# Looking for a CHEAP flash dryer



## point1clothing (May 19, 2007)

Can someone link me to a CHEAP flash dryer. One between 16 x 16 or a little bigger


----------



## Fluid (Jun 20, 2005)

Check ebay or the classifieds forums at U.S. Screen Print & Inkjet Technology. Probably your best bet if looking for cheap


----------



## rusty (Feb 9, 2007)

Silk Screening Supplies .com, screen printing equipment, silk screen printing kits has this one on sale for $299.
16x16" 1,800 Watt Screen Printing Flash Dryer
You aren't going to find a new one much cheaper than that.

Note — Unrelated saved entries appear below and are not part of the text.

lemma smooth2_has_real_derivative_pd2:
  assumes "smooth2 F"
  shows "(F a has_real_derivative pd2 F a b) (at b)"
proof -
  have "(\<lambda>t. iterpd [] F a t) differentiable (at b)"
    using assms unfolding smooth2_def by blast
  then show ?thesis
    by (simp add: pd2_def DERIV_deriv_iff_real_differentiable)
qed

section \<open>Derivative along the diagonal of a symmetric function\<close>

lemma has_real_derivative_mean_value:
  assumes "\<And>t. (f has_real_derivative f' t) (at t)"
  shows "\<exists>\<xi>. \<bar>\<xi> - a\<bar> \<le> \<bar>b - a\<bar> \<and> f b - f a = (b - a) * f' \<xi>"
proof (cases a b rule: linorder_cases)
  case less
  then obtain \<xi> where "a < \<xi>" "\<xi> < b" "f b - f a = (b - a) * f' \<xi>"
    using MVT2[of a b f f'] assms by blast
  then show ?thesis by (intro exI[of _ \<xi>]) auto
next
  case greater
  then obtain \<xi> where "b < \<xi>" "\<xi> < a" "f a - f b = (a - b) * f' \<xi>"
    using MVT2[of b a f f'] assms by blast
  then show ?thesis by (intro exI[of _ \<xi>]) (auto simp: algebra_simps)
qed simp

lemma has_real_derivative_symmetric_diagonal:
  fixes F P :: "real \<Rightarrow> real \<Rightarrow> real"
  assumes deriv2: "\<And>a b. ((\<lambda>t. F a t) has_real_derivative P a b) (at b)"
    and cont: "isCont (\<lambda>z. P (fst z) (snd z)) (v, v)"
    and symm: "\<And>a b. F a b = F b a"
  shows "((\<lambda>s. F s s) has_real_derivative 2 * P v v) (at v)"
proof -
  have "\<exists>\<xi>. \<bar>\<xi> - v\<bar> \<le> \<bar>y - v\<bar> \<and> F a y - F a v = (y - v) * P a \<xi>" for a y
    using has_real_derivative_mean_value[OF deriv2] .
  then have "\<exists>\<xi>. \<forall>a y. \<bar>\<xi> a y - v\<bar> \<le> \<bar>y - v\<bar> \<and> F a y - F a v = (y - v) * P a (\<xi> a y)"
    by (intro choice allI)
  then obtain \<xi> where \<xi>: "\<And>a y. \<bar>\<xi> a y - v\<bar> \<le> \<bar>y - v\<bar>"
    "\<And>a y. F a y - F a v = (y - v) * P a (\<xi> a y)"
    by blast
  have \<xi>_lim: "((\<lambda>y. \<xi> (a y) y) \<longlongrightarrow> v) (at v)" for a
  proof -
    have "((\<lambda>y. \<xi> (a y) y - v) \<longlongrightarrow> 0) (at v)"
      by (rule Lim_null_comparison[where g = "\<lambda>y. \<bar>y - v\<bar>"])
        (use \<xi>(1) in \<open>auto intro!: tendsto_eq_intros\<close>)
    then show ?thesis by (simp add: LIM_zero_iff)
  qed
  have "((\<lambda>y. (y, \<xi> y y)) \<longlongrightarrow> (v, v)) (at v)" "((\<lambda>y. (v, \<xi> v y)) \<longlongrightarrow> (v, v)) (at v)"
    using \<xi>_lim[of "\<lambda>y. y"] \<xi>_lim[of "\<lambda>_. v"] by (auto intro!: tendsto_Pair)
  then have "((\<lambda>y. P y (\<xi> y y) + P v (\<xi> v y)) \<longlongrightarrow> P v v + P v v) (at v)"
    using isCont_tendsto_compose[OF cont] by (intro tendsto_add) fastforce+
  moreover have "P y (\<xi> y y) + P v (\<xi> v y) = (F y y - F v v) / (y - v)" if "y \<noteq> v" for y
    using \<xi>(2)[of y y] \<xi>(2)[of v y] symm[of y v] that by (simp add: field_simps)
  then have "\<forall>\<^sub>F y in at v. P y (\<xi> y y) + P v (\<xi> v y) = (F y y - F v v) / (y - v)"
    by (simp add: eventually_at_filter)
  ultimately show ?thesis
    unfolding has_field_derivative_iff by (simp add: Lim_transform_eventually)
qed

lemma smooth2_diagonal_has_real_derivative:
  assumes "smooth2 F" "\<And>a b. F a b = F b a"
  shows "((\<lambda>s. F s s) has_real_derivative 2 * pd2 F v v) (at v)"
proof -
  have "continuous_on UNIV (\<lambda>z. iterpd [False] F (fst z) (snd z))"
    using assms(1) unfolding smooth2_def by blast
  then have "isCont (\<lambda>z. pd2 F (fst z) (snd z)) (v, v)"
    by (simp add: continuous_on_eq_continuous_at)
  then show ?thesis
    by (rule has_real_derivative_symmetric_diagonal[OF smooth2_has_real_derivative_pd2[OF assms(1)] _ assms(2)])
qed

lemma deriv_compose_symmetric_diagonal:
  assumes "smooth2 Dbar" "\<And>a b. Dbar a b = Dbar b a" "\<And>v. Dbar v v = D v"
    and "(u has_real_derivative u') (at x)"
  shows "deriv (D \<circ> u) x = 2 * deriv (Dbar (u x) \<circ> u) x"
proof -
  have "(D has_real_derivative 2 * pd2 Dbar (u x) (u x)) (at (u x))"
    using smooth2_diagonal_has_real_derivative[OF assms(1,2)] assms(3) by simp
  then have "deriv (D \<circ> u) x = 2 * pd2 Dbar (u x) (u x) * u'"
    using DERIV_chain[OF _ assms(4)] DERIV_imp_deriv by blast
  moreover have "deriv (Dbar (u x) \<circ> u) x = pd2 Dbar (u x) (u x) * u'"
    using DERIV_chain[OF smooth2_has_real_derivative_pd2[OF assms(1)] assms(4)] DERIV_imp_deriv by blast
  ultimately show ?thesis by simp
qed

section \<open>Taylor expansion and Landau symbols\<close>

definition taylor_poly :: "nat \<Rightarrow> (nat \<Rightarrow> real) \<Rightarrow> real \<Rightarrow> real" where
  "taylor_poly N d t = (\<Sum>m<N. d m / fact m * t ^ m)"

lemma taylor_poly_remainder_bigo:
  assumes "smooth1 g"
  shows "(\<lambda>h. g (x + c * h) - taylor_poly N (\<lambda>m. (deriv ^^ m) g x) (c * h)) \<in> O[at 0](\<lambda>h. h ^ N)"
proof -
  define d where "d = (deriv ^^ N) g"
  have "isCont d x"
    using assms unfolding smooth1_def d_def by (simp add: differentiable_imp_continuous_within)
  then obtain \<delta> where "\<delta> > 0" and "\<And>y. \<bar>y - x\<bar> < \<delta> \<Longrightarrow> \<bar>d y - d x\<bar> < 1"
    unfolding continuous_at_eps_delta dist_real_def using zero_less_one by blast
  then have d_bound: "\<bar>d y\<bar> \<le> \<bar>d x\<bar> + 1" if "\<bar>y - x\<bar> < \<delta>" for y
    using that by fastforce
  have derivs: "\<forall>m s. ((\<lambda>s. (deriv ^^ m) g (s + x)) has_real_derivative (deriv ^^ Suc m) g (s + x)) (at s)"
    using assms unfolding smooth1_def
    by (simp add: DERIV_deriv_iff_real_differentiable flip: DERIV_shift)
  have remainder: "\<exists>t. \<bar>t\<bar> \<le> \<bar>c * h\<bar> \<and>
      g (x + c * h) - taylor_poly N (\<lambda>m. (deriv ^^ m) g x) (c * h) = d (t + x) / fact N * (c * h) ^ N"
    for h
    using Maclaurin_all_le[of "\<lambda>m s. (deriv ^^ m) g (s + x)" "\<lambda>s. g (s + x)", OF _ derivs, of "c * h" N]
    by (auto simp: taylor_poly_def d_def add.commute)
  have "((\<lambda>h. c * h) \<longlongrightarrow> 0) (at 0)"
    by (auto intro!: tendsto_eq_intros)
  then have small: "\<forall>\<^sub>F h in at 0. \<bar>c * h\<bar> < \<delta>"
    using \<open>\<delta> > 0\<close> by (auto simp: tendsto_iff dist_real_def)
  show ?thesis
  proof (rule bigoI)
    show "\<forall>\<^sub>F h in at 0. norm (g (x + c * h) - taylor_poly N (\<lambda>m. (deriv ^^ m) g x) (c * h))
        \<le> (\<bar>d x\<bar> + 1) / fact N * \<bar>c\<bar> ^ N * norm (h ^ N)"
      using small
    proof eventually_elim
      case (elim h)
      then obtain t where "\<bar>t\<bar> < \<delta>" and
        t: "g (x + c * h) - taylor_poly N (\<lambda>m. (deriv ^^ m) g x) (c * h) = d (t + x) / fact N * (c * h) ^ N"
        using remainder[of h] by (meson le_less_trans)
      then have "\<bar>d (t + x)\<bar> \<le> \<bar>d x\<bar> + 1" by (intro d_bound) simp
      then have "\<bar>d (t + x)\<bar> / fact N * \<bar>c * h\<bar> ^ N \<le> (\<bar>d x\<bar> + 1) / fact N * \<bar>c * h\<bar> ^ N"
        by (intro mult_right_mono divide_right_mono) auto
      then show ?case
        unfolding t by (simp add: abs_mult power_mult_distrib power_abs mult.assoc)
    qed
  qed
qed

lemma taylor_poly_bigo_1: "(\<lambda>h. taylor_poly N d (c * h)) \<in> O[at 0](\<lambda>_. 1)"
proof (rule bigoI_tendsto)
  show "((\<lambda>h. taylor_poly N d (c * h) / 1) \<longlongrightarrow> taylor_poly N d (c * 0)) (at 0)"
    unfolding taylor_poly_def div_by_1 by (intro tendsto_intros)
qed simp

lemma bigo_mult_power:
  fixes f g :: "'a::real_normed_field \<Rightarrow> 'a"
  assumes "f \<in> O[F](\<lambda>x. x ^ m)" "g \<in> O[F](\<lambda>x. x ^ n)"
  shows "(\<lambda>x. f x * g x) \<in> O[F](\<lambda>x. x ^ (m + n))"
  using landau_o.big.mult[OF assms] by (simp add: power_add)

lemma bigo_divide_power:
  fixes f :: "real \<Rightarrow> real"
  assumes "\<forall>\<^sub>F h in F. h \<noteq> 0" "f \<in> O[F](\<lambda>h. h ^ Suc n)"
  shows "(\<lambda>h. f h / h) \<in> O[F](\<lambda>h. h ^ n)"
proof -
  have "(\<lambda>h. f h / h) \<in> O[F](\<lambda>h. h ^ Suc n / h)"
    by (rule landau_o.big.divide_right[OF assms])
  also have "O[F](\<lambda>h. h ^ Suc n / h) = O[F](\<lambda>h. h ^ n)"
    by (intro landau_o.big.cong eventually_mono[OF assms(1)]) simp
  finally show ?thesis .
qed

section \<open>The scheme without third-order corrections\<close>

text \<open>\<open>(f\<^sub>L + f\<^sub>R) / 2\<close> and \<open>u\<^sub>R - u\<^sub>L\<close> at the face between the nodes of \<open>g0\<close> and \<open>g1\<close>,
  for \<open>\<kappa>\<^sub>3 = \<theta>\<^sub>3 = 0\<close>; \<open>gm\<close> and \<open>g2\<close> are the values at the outer nodes of the stencil.\<close>
definition face_mean :: "real \<Rightarrow> real \<Rightarrow> real \<Rightarrow> real \<Rightarrow> real \<Rightarrow> real" where
  "face_mean th gm g0 g1 g2 = ((th - 1) * gm + (5 - th) * g0 + (5 - th) * g1 + (th - 1) * g2) / 8"

definition face_jump :: "real \<Rightarrow> real \<Rightarrow> real \<Rightarrow> real \<Rightarrow> real \<Rightarrow> real" where
  "face_jump k gm g0 g1 g2 = (1 - k) * (gm - 3 * g0 + 3 * g1 - g2) / 4"

lemma numflux_uncorrected:
  assumes "h \<noteq> 0"
  shows "numflux k 0 th 0 f Dbar h uv i =
    face_mean th (f (uv (i - 1))) (f (uv i)) (f (uv (i + 1))) (f (uv (i + 2)))
    - Dbar (uv i) (uv (i + 1)) * face_jump k (uv (i - 1)) (uv i) (uv (i + 1)) (uv (i + 2)) / 2"
  using assms
  by (simp add: numflux_def recL_def recR_def cdx_def face_mean_def face_jump_def field_simps)

lemma trunc_err_uncorrected:
  assumes "h \<noteq> 0"
  shows "trunc_err k 0 th 0 f Dbar u x h =
    (face_mean th (f (u (x - h))) (f (u x)) (f (u (x + h))) (f (u (x + 2 * h)))
     - face_mean th (f (u (x - 2 * h))) (f (u (x - h))) (f (u x)) (f (u (x + h)))
     - (Dbar (u x) (u (x + h)) * face_jump k (u (x - h)) (u x) (u (x + h)) (u (x + 2 * h))
        - Dbar (u (x - h)) (u x) * face_jump k (u (x - 2 * h)) (u (x - h)) (u x) (u (x + h))) / 2) / h"
  using assms by (simp add: trunc_err_def numflux_uncorrected field_simps)

lemma face_mean_diff:
  "face_mean th (a - a') (b - b') (c - c') (d - d') = face_mean th a b c d - face_mean th a' b' c' d'"
  by (simp add: face_mean_def field_simps)

lemma face_jump_diff:
  "face_jump k (a - a') (b - b') (c - c') (d - d') = face_jump k a b c d - face_jump k a' b' c' d'"
  by (simp add: face_jump_def field_simps)

lemma face_mean_bigo:
  assumes "a \<in> O[F](g)" "b \<in> O[F](g)" "c \<in> O[F](g)" "d \<in> O[F](g)"
  shows "(\<lambda>x. face_mean th (a x) (b x) (c x) (d x)) \<in> O[F](g)"
  unfolding face_mean_def by simp (intro sum_in_bigo; simp add: assms)

lemma face_jump_bigo:
  assumes "a \<in> O[F](g)" "b \<in> O[F](g)" "c \<in> O[F](g)" "d \<in> O[F](g)"
  shows "(\<lambda>x. face_jump k (a x) (b x) (c x) (d x)) \<in> O[F](g)"
  unfolding face_jump_def by simp (intro disjI2 sum_in_bigo; simp add: assms)

lemma face_mean_taylor_poly:
  "face_mean th (taylor_poly 6 a (- h)) (taylor_poly 6 a 0) (taylor_poly 6 a h) (taylor_poly 6 a (2 * h))
   - face_mean th (taylor_poly 6 a (- 2 * h)) (taylor_poly 6 a (- h)) (taylor_poly 6 a 0) (taylor_poly 6 a h)
   = h * (a 1 + (3 * th - 1) / 12 * a 3 * h ^ 2 + (15 * th - 13) / 240 * a 5 * h ^ 4)"
  unfolding face_mean_def taylor_poly_def by (simp add: eval_nat_numeral fact_numeral field_simps)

However, if I were you, I'd spend a couple more bucks and go with the BlackBody brand they sell. They are built much better than the $299 one.


----------



## ironhead (Dec 28, 2005)

I just got a black body (afford-a-flash) on ebay new from silk screening supplies for 389.00 shipped.
I'm told it throws out a more even heat than the 299.00 ones that are out there. The afford-a-flash has an infrared heating element as to where the cheaper ones have a coil heating element that supposedly don't distribute the heat as evenly.


----------



## HostileCity215 (Jun 23, 2009)

Anyone know where to pick up a good flash dryer for less than $400?


----------



## ehadden1 (Apr 12, 2009)

ironhead said:


> I just got a black body (afford-a-flash) on ebay new from silk screening supplies for 389.00 shipped.
> I'm told it throws out a more even heat than the 299.00 ones that are out there. The afford-a-flash has an infrared heating element as to where the cheaper ones have a coil heating element that supposedly don't distribute the heat as evenly.

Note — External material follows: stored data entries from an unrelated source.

(* Let $\mathcal{C}$ be a binary cyclic code of length $n$ whose generator polynomial $g\in\mathbb{F}_2[X]$, $g\mid X^n-1$, of degree $r$, is a product of distinct irreducible polynomials. Then the burst-covering radius $b$ of $\mathcal{C}$ satisfies \[ b=r-\min_{(a_0,\dots,a_{r-1})\in\mathbb{F}_2^r}Z\bigl(g,(a_0,\dots,a_{r-1})\bigr), \] where $Z(g,(a_0,\dots,a_{r-1}))$ is the maximum length of a run of zeros in the LFSR sequence with connection polynomial $g$ and initial conditions $a_0,\dots,a_{r-1}$. Alternatively, \[ b=r-\min_{c\in\mathcal{C}^\perp}Z(c), \] where $Z(c)$ is the maximum length of a run of zeros in $c$, with $c$ viewed cyclically.
   Context: For $g(X)=X^r+\sum_{i=0}^{r-1}m_iX^i$, an LFSR sequence with connection polynomial $g$ is a binary sequence $(a_k)_{k\ge0}$ with $a_k=\sum_{i=0}^{r-1}m_ia_{k-r+i}$ for all $k\ge r$; $a_0,\dots,a_{r-1}$ are its initial conditions. The burst-covering radius of a code $\mathcal{C}\subseteq\mathbb{F}_2^n$ is the least $b$ such that for every $y\in\mathbb{F}_2^n$ there is $c\in\mathcal{C}$ with $\operatorname{supp}(y-c)\subseteq\{i,\dots,i+b-1\}$ (indices modulo $n$) for some $i$. $\mathcal{C}^\perp$ is the dual code of $\mathcal{C}$. *)

theory Defs
  imports "HOL-Computational_Algebra.Polynomial" "HOL-Library.Extended_Nat"
    "Berlekamp_Zassenhaus.Finite_Field"
begin

text \<open>The binary field F_2, realised as the integers modulo CARD(bool) = 2.\<close>
type_synonym gf2 = "bool mod_ring"

function lfsr :: "gf2 poly \<Rightarrow> gf2 list \<Rightarrow> nat \<Rightarrow> gf2" where
  "lfsr g a k = (if k < degree g then a ! k
                 else (\<Sum>i<degree g. coeff g i * lfsr g a (k - degree g + i)))"
  by auto
termination
  by (relation "measure (\<lambda>(g, a, k). k)") auto

definition max_zero_run_seq :: "(nat \<Rightarrow> gf2) \<Rightarrow> enat" where
  "max_zero_run_seq s = (SUP L \<in> {L. \<exists>k. \<forall>j<L. s (k + j) = 0}. enat L)"

definition Z_lfsr :: "gf2 poly \<Rightarrow> gf2 list \<Rightarrow> enat" where
  "Z_lfsr g a = max_zero_run_seq (lfsr g a)"

text \<open>Maximum length of a run of zeros in a word c of length n, viewed cyclically
  (the zero word has value n).\<close>
definition max_zero_run_cyc :: "gf2 list \<Rightarrow> nat" where
  "max_zero_run_cyc c = Max {L. L \<le> length c \<and> (\<exists>i. \<forall>t<L. c ! ((i + t) mod length c) = 0)}"

definition cyclic_code :: "nat \<Rightarrow> gf2 poly \<Rightarrow> gf2 list set" where
  "cyclic_code n g = {c. length c = n \<and> g dvd Poly c}"

definition dual_code :: "nat \<Rightarrow> gf2 list set \<Rightarrow> gf2 list set" where
  "dual_code n C = {y. length y = n \<and> (\<forall>c\<in>C. (\<Sum>j<n. y ! j * c ! j) = 0)}"

definition in_burst :: "nat \<Rightarrow> nat \<Rightarrow> gf2 list \<Rightarrow> gf2 list \<Rightarrow> bool" where
  "in_burst n b y c = (\<exists>i. \<forall>j<n. y ! j - c ! j \<noteq> 0 \<longrightarrow> (\<exists>t<b. j = (i + t) mod n))"

definition burst_covering_radius :: "nat \<Rightarrow> gf2 list set \<Rightarrow> nat" where
  "burst_covering_radius n C =
     (LEAST b. \<forall>y. length y = n \<longrightarrow> (\<exists>c\<in>C. in_burst n b y c))"

definition product_of_distinct_irreducibles :: "gf2 poly \<Rightarrow> bool" where
  "product_of_distinct_irreducibles g =
     (\<exists>fs. distinct fs \<and> (\<forall>f\<in>set fs. irreducible f) \<and> g = prod_list fs)"

end

theory Submission
  imports Defs
begin

(* Let r = deg g. Modulo g the indeterminate X is invertible, with X^n = 1. For a polynomial s
  the sequence u_s(k) = [X^(r-1)] (X^k s mod g) (top_coeff_seq s) satisfies the recurrence of g, and every LFSR
  sequence of g is of this form. A run of m zeros of u_s starting at k says exactly that
  X^k s mod g has degree < r - m. On the other hand, a word y lies within a burst of length b
  of the code iff y = X^i e (mod g) for some e of degree < b, i.e. iff some X^k y mod g has
  degree < b, i.e. iff u_y contains a run of r - b zeros. So the bursts of length b cover
  exactly when r - b is at most the least maximal zero run of an LFSR sequence. The dual code
  consists of one period of each of the n-periodic sequences u_s, which gives the second
  formula. *)

declare lfsr.simps [simp del]

lemma gf2_cases: "(x::gf2) = 0 \<or> x = 1"
proof -
  obtain i where "i < CARD(bool)" "x = of_nat i"
    using surj_of_nat_mod_ring by blast
  then show ?thesis by (cases i) auto
qed

lemma gf2_add_self [simp]: "(x::gf2) + x = 0"
proof -
  have "(1::gf2) + 1 = of_nat CARD(bool)" by simp
  also have "\<dots> = 0" by (rule of_nat_card_eq_0)
  finally show ?thesis using gf2_cases[of x] by auto
qed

 Could you or anyone post a picture of the bottom of that unit?


----------



## standardgraphics (Jul 28, 2008)

I just got a 18"x20" for $1200


----------



## chuckk_d (Jun 16, 2009)

Dont mean to revive the thread, but I got a Black Body LC1600, its 16"x16", for $200 on Craigslist. I had the guy plug it in so I could see it heat up. Good deal?


----------



## andrew1267 (Jan 9, 2013)

i have a heat press and i can remove the base (2 bolts) and my screen print base is removeable (1 twist and its removed) with the printed t-shirt still on it.....i could then place it where the base of the heat press was....when i push down the heat press (there will be a 1 inch gap from t-shirt to heat element) if i set it at 180 for 1 min would it cure the plastisol ink?
would i have to do any think else to the shirt or is that it finished?


----------



## Preston (Mar 21, 2006)

andrew1267 said:


> i if i set it at 180 for 1 min would it cure the plastisol ink?
> would i have to do any think else to the shirt or is that it finished?

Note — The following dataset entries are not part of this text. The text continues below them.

text \<open>Hypercentrality supplies \<open>u \<in> U - W\<^sub>k\<close> with \<open>[u, G] \<subseteq> W\<^sub>k\<close>, so \<open>u \<in> W\<^sub>k\<^sub>+\<^sub>1\<close>; its
  \<open>N\<close>-coset is new because \<open>N \<subseteq> W\<^sub>k\<close>.\<close>

lemma relative_upper_central_series_rcosets_psubset:
  assumes hyp: "hypercentral G" and L: "L \<lhd> G" and N: "N \<lhd> G" and U: "U \<lhd> G"
    and NU: "N \<subseteq> U" and UL: "U \<subseteq> L" and k: "\<not> U \<subseteq> relative_upper_central_series G L N k"
  shows "(\<lambda>u. N #> u) ` (U \<inter> relative_upper_central_series G L N k)
    \<subset> (\<lambda>u. N #> u) ` (U \<inter> relative_upper_central_series G L N (Suc k))"
proof -
  let ?W = "relative_upper_central_series G L N"
  have NL: "N \<subseteq> L" using NU UL by blast
  have Uc: "U \<subseteq> carrier G" using U normal_imp_subgroup subgroup.subset by blast
  have W: "subgroup (?W k) G"
    by (rule normal_imp_subgroup[OF relative_upper_central_series_normal[OF L N]])
  obtain u where u: "u \<in> U" "u \<notin> ?W k" "\<forall>x\<in>carrier G. commutator G u x \<in> ?W k"
    using hypercentral_exists_commutators_in[OF hyp Uc subgroup.one_closed[OF W] _ k]
      normal_commutator_left_closed[OF U] by blast
  have "N #> u \<notin> (\<lambda>u. N #> u) ` (U \<inter> ?W k)"
  proof
    assume "N #> u \<in> (\<lambda>u. N #> u) ` (U \<inter> ?W k)"
    then obtain w where w: "w \<in> ?W k" "N #> u = N #> w" by blast
    have "u \<in> N #> w"
      using w(2) rcos_self[OF _ normal_imp_subgroup[OF N]] u(1) Uc by blast
    then obtain n where "n \<in> N" "u = n \<otimes> w" unfolding r_coset_def by blast
    then have "u \<in> ?W k"
      using w(1) subset_relative_upper_central_series[OF N NL] subgroup.m_closed[OF W] by blast
    then show False using u(2) by blast
  qed
  moreover have "u \<in> ?W (Suc k)" using u(1,3) UL by auto
  ultimately show ?thesis
    using u(1) relative_upper_central_series_Suc_mono[OF N NL, of k] by blast
qed

lemma hypercentral_normal_subset_relative_upper_central_series:
  assumes hyp: "hypercentral G" and L: "L \<lhd> G" and N: "N \<lhd> G" and U: "U \<lhd> G"
    and NU: "N \<subseteq> U" and UL: "U \<subseteq> L" and fin: "finite ((\<lambda>u. N #> u) ` U)"
  shows "U \<subseteq> relative_upper_central_series G L N (card ((\<lambda>u. N #> u) ` U))"
proof -
  let ?W = "relative_upper_central_series G L N"
  define cosets where "cosets k = (\<lambda>u. N #> u) ` (U \<inter> ?W k)" for k
  have finite_cosets: "finite (cosets k)" for k
    using fin unfolding cosets_def by (rule finite_subset[rotated]) blast
  have grow: "U \<subseteq> ?W k \<or> k < card (cosets k)" for k
  proof (induction k)
    case 0
    have "\<one> \<in> U \<inter> ?W 0" using NU subgroup.one_closed[OF normal_imp_subgroup[OF N]] by auto
    then have "cosets 0 \<noteq> {}" unfolding cosets_def by blast
    then show ?case using finite_cosets[of 0] by (simp add: card_gt_0_iff)
  next
    case (Suc k)
    show ?case
    proof (cases "U \<subseteq> ?W k")
      case True
      then show ?thesis
        using relative_upper_central_series_Suc_mono[OF N, of L k] NU UL by blast
    next
      case False
      then have "cosets k \<subset> cosets (Suc k)"
        unfolding cosets_def by (rule relative_upper_central_series_rcosets_psubset[OF hyp L N U NU UL])
      then have "card (cosets k) < card (cosets (Suc k))" by (rule psubset_card_mono[OF finite_cosets])
      then show ?thesis using Suc.IH False by simp
    qed
  qed
  have "card (cosets k) \<le> card ((\<lambda>u. N #> u) ` U)" for k
    unfolding cosets_def by (rule card_mono[OF fin]) blast
  then show ?thesis using grow less_le_not_le by blast
qed

section \<open>Subgroups generated by commuting elements of bounded order\<close>

lemma nat_pow_mod_exponent:
  assumes "a \<in> carrier G" "a [^] m = \<one>"
  shows "a [^] (k::nat) = a [^] (k mod m)"
proof -
  have "a [^] k = (a [^] m) [^] (k div m) \<otimes> a [^] (k mod m)"
    using assms(1) by (simp add: nat_pow_pow nat_pow_mult mult_div_mod_eq)
  then show ?thesis using assms by simp
qed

Depending on the type of plastisol ink requires between 300 and 320 degrees F to cure. Since you would not be contacting the print with the heat press element it would need it to get to around 800 degrees to cure the ink in any reasonable amount of time.


----------



## tman07 (Nov 14, 2007)

you can tell if you are getting the shirt hot enough by doing a stretch test after curing and letting the shirt cool for a bit.

stretch the ink and if it pulls apart, it is not cured properly - under cured

when curing, if the shirt starts smoking a little - that is ok, that tells you you are close to cure temperature.


----------



## andrew1267 (Jan 9, 2013)

i have just got back into the screen printing again before a had a flash dryier it was made up of 4 creamic tiles on a unit and stand and it did the job......would i be able to use this heater (could put it on a stand very easly) i have posted a pic of it....i am thinking it would dry the shirt in about 2-4 mins.....any thoughts??


----------



## x2xalexx7x (Oct 6, 2012)

Ebay is a good place sometimes people post quality flash dryer's for cheap. 

16x16" Econo Flash Dryer w Stand Casters | eBay

Try this one out really good quality and sounds like it is barely used for only 280.


----------



## Tshirtim (Oct 9, 2011)

If you are just starting out and don't have the cash, try using a simple quartz tube, small shop heater. $40-50 range. How you rig it up over your shirt depends on your setup and mechanical skill level. The quartz tubes are the same as my conveyor dryer but shorter. It does 90% of the designs I print and if they are larger, I hang a 2nd dryer. For $40, you can 't get any better. Adjust the distance from 6 inches to whatever suits your needs. A little tweaking for the design size and you're all set. In 30+ years, I have NEVER had a washout complaint. A $29 Harbor Freight laser temp gun tells you how hot it gets.


----------



## bcornwell (Jun 12, 2014)

eBay is OK, but the coils on the top are sketchy.. Just keep an eye out for that.


----------



## RandomRonin (Sep 2, 2014)

Tshirtim said:


> If you are just starting out and don't have the cash, try using a simple quartz tube, small shop heater. $40-50 range. How you rig it up over your shirt depends on your setup and mechanical skill level. The quartz tubes are the same as my conveyor dryer but shorter. It does 90% of the designs I print and if they are larger, I hang a 2nd dryer. For $40, you can 't get any better. Adjust the distance from 6 inches to whatever suits your needs. A little tweaking for the design size and you're all set. In 30+ years, I have NEVER had a washout complaint. A $29 Harbor Freight laser temp gun tells you how hot it gets.


What kinds of inks have you cured using rigged up shop heaters with? Just wondering if they could cure water based discharge inks.


----------



## Tshirtim (Oct 9, 2011)

I use it for flashing when I need to do that. I don't cure with it, just flashing. Give it a try and wash your test piece several times. Experiment with the distance and time. That's the only way to know.


----------